▶ _Work to complete_
Using the listing below, say how many lines have the string "spectral" in them, giving the number alone.

* * *

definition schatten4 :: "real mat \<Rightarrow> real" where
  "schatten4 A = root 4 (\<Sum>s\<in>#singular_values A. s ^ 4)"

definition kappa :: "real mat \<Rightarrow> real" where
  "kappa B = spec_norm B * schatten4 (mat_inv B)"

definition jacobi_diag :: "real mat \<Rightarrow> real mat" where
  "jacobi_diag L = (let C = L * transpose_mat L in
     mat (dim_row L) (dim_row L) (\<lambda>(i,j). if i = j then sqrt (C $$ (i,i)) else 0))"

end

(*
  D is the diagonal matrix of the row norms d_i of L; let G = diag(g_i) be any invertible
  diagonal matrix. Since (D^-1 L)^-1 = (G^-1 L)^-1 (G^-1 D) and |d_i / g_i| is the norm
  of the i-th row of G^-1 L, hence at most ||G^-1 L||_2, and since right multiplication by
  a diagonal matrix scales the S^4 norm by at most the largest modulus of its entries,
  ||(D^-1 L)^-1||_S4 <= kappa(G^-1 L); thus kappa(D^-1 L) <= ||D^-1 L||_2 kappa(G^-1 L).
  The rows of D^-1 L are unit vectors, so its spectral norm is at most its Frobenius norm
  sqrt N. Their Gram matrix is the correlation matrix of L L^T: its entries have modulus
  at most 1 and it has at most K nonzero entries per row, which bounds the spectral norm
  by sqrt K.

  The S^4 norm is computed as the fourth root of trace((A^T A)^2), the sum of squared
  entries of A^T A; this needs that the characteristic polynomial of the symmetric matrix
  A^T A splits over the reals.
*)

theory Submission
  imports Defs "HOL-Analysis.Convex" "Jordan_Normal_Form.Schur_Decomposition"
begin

* * *

▶ _Worked solution_
2